What the task asks =>
In the listing below, find the line with "(* Assume the" and the line with "N = (\<Sum>i<N.". Repeat those two lines and all lines between them exactly.

════════════════════

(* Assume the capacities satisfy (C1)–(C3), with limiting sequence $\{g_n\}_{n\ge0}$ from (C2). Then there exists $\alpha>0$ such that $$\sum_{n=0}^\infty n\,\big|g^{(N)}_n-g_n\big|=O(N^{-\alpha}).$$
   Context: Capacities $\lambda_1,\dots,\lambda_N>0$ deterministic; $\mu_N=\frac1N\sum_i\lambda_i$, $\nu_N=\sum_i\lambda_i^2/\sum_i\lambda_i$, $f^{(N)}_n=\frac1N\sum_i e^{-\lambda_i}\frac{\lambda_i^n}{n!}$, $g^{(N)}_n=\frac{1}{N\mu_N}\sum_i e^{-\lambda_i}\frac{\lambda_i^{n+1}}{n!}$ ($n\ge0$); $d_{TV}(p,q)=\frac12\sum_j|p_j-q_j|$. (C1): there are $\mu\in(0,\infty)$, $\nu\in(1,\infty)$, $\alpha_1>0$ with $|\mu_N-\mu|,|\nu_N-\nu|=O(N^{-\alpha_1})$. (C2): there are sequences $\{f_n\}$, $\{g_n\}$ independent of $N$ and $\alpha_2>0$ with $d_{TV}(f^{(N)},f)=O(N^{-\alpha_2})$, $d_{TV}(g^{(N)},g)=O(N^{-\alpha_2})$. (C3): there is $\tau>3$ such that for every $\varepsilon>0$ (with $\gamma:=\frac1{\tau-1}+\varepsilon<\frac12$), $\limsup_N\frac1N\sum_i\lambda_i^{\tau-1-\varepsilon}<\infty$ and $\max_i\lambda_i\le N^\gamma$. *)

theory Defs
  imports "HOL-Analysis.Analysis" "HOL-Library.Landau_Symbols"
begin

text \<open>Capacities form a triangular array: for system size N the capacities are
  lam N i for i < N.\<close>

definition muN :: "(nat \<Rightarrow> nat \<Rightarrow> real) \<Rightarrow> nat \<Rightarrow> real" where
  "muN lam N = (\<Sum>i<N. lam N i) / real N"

════════════════════

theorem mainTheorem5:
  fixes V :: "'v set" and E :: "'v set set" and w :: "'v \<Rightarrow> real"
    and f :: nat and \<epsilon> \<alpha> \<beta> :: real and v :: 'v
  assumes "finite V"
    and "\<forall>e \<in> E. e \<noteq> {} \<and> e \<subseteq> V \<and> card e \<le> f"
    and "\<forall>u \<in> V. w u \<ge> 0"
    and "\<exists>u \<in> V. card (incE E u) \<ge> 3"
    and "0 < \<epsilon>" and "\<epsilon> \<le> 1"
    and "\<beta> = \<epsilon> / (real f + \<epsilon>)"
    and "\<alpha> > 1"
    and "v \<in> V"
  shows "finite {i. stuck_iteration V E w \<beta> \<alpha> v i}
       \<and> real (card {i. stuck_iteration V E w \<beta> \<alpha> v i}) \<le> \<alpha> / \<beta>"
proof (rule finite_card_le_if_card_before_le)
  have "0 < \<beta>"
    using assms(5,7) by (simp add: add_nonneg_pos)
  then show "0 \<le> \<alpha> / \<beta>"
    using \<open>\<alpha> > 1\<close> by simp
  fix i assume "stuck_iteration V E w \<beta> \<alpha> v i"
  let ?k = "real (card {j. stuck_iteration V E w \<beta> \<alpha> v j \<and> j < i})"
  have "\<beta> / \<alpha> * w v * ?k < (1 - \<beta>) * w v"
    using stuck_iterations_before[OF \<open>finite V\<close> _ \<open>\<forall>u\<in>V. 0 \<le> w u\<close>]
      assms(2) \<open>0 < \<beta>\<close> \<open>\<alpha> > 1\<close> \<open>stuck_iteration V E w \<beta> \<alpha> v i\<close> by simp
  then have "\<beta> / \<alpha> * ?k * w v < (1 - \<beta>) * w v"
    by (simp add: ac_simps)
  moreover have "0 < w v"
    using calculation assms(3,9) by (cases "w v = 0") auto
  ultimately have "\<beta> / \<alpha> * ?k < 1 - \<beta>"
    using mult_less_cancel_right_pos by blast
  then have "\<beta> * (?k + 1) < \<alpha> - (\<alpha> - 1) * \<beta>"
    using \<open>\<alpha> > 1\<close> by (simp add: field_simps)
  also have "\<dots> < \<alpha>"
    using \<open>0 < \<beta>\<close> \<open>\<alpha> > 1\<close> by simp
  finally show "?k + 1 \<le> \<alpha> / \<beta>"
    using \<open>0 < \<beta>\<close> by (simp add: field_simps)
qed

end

════════════════════

Task result =>
(* Assume the capacities satisfy (C1)–(C3), with limiting sequence $\{g_n\}_{n\ge0}$ from (C2). Then there exists $\alpha>0$ such that $$\sum_{n=0}^\infty n\,\big|g^{(N)}_n-g_n\big|=O(N^{-\alpha}).$$
   Context: Capacities $\lambda_1,\dots,\lambda_N>0$ deterministic; $\mu_N=\frac1N\sum_i\lambda_i$, $\nu_N=\sum_i\lambda_i^2/\sum_i\lambda_i$, $f^{(N)}_n=\frac1N\sum_i e^{-\lambda_i}\frac{\lambda_i^n}{n!}$, $g^{(N)}_n=\frac{1}{N\mu_N}\sum_i e^{-\lambda_i}\frac{\lambda_i^{n+1}}{n!}$ ($n\ge0$); $d_{TV}(p,q)=\frac12\sum_j|p_j-q_j|$. (C1): there are $\mu\in(0,\infty)$, $\nu\in(1,\infty)$, $\alpha_1>0$ with $|\mu_N-\mu|,|\nu_N-\nu|=O(N^{-\alpha_1})$. (C2): there are sequences $\{f_n\}$, $\{g_n\}$ independent of $N$ and $\alpha_2>0$ with $d_{TV}(f^{(N)},f)=O(N^{-\alpha_2})$, $d_{TV}(g^{(N)},g)=O(N^{-\alpha_2})$. (C3): there is $\tau>3$ such that for every $\varepsilon>0$ (with $\gamma:=\frac1{\tau-1}+\varepsilon<\frac12$), $\limsup_N\frac1N\sum_i\lambda_i^{\tau-1-\varepsilon}<\infty$ and $\max_i\lambda_i\le N^\gamma$. *)

theory Defs
  imports "HOL-Analysis.Analysis" "HOL-Library.Landau_Symbols"
begin

text \<open>Capacities form a triangular array: for system size N the capacities are
  lam N i for i < N.\<close>

definition muN :: "(nat \<Rightarrow> nat \<Rightarrow> real) \<Rightarrow> nat \<Rightarrow> real" where
  "muN lam N = (\<Sum>i<N. lam N i) / real N"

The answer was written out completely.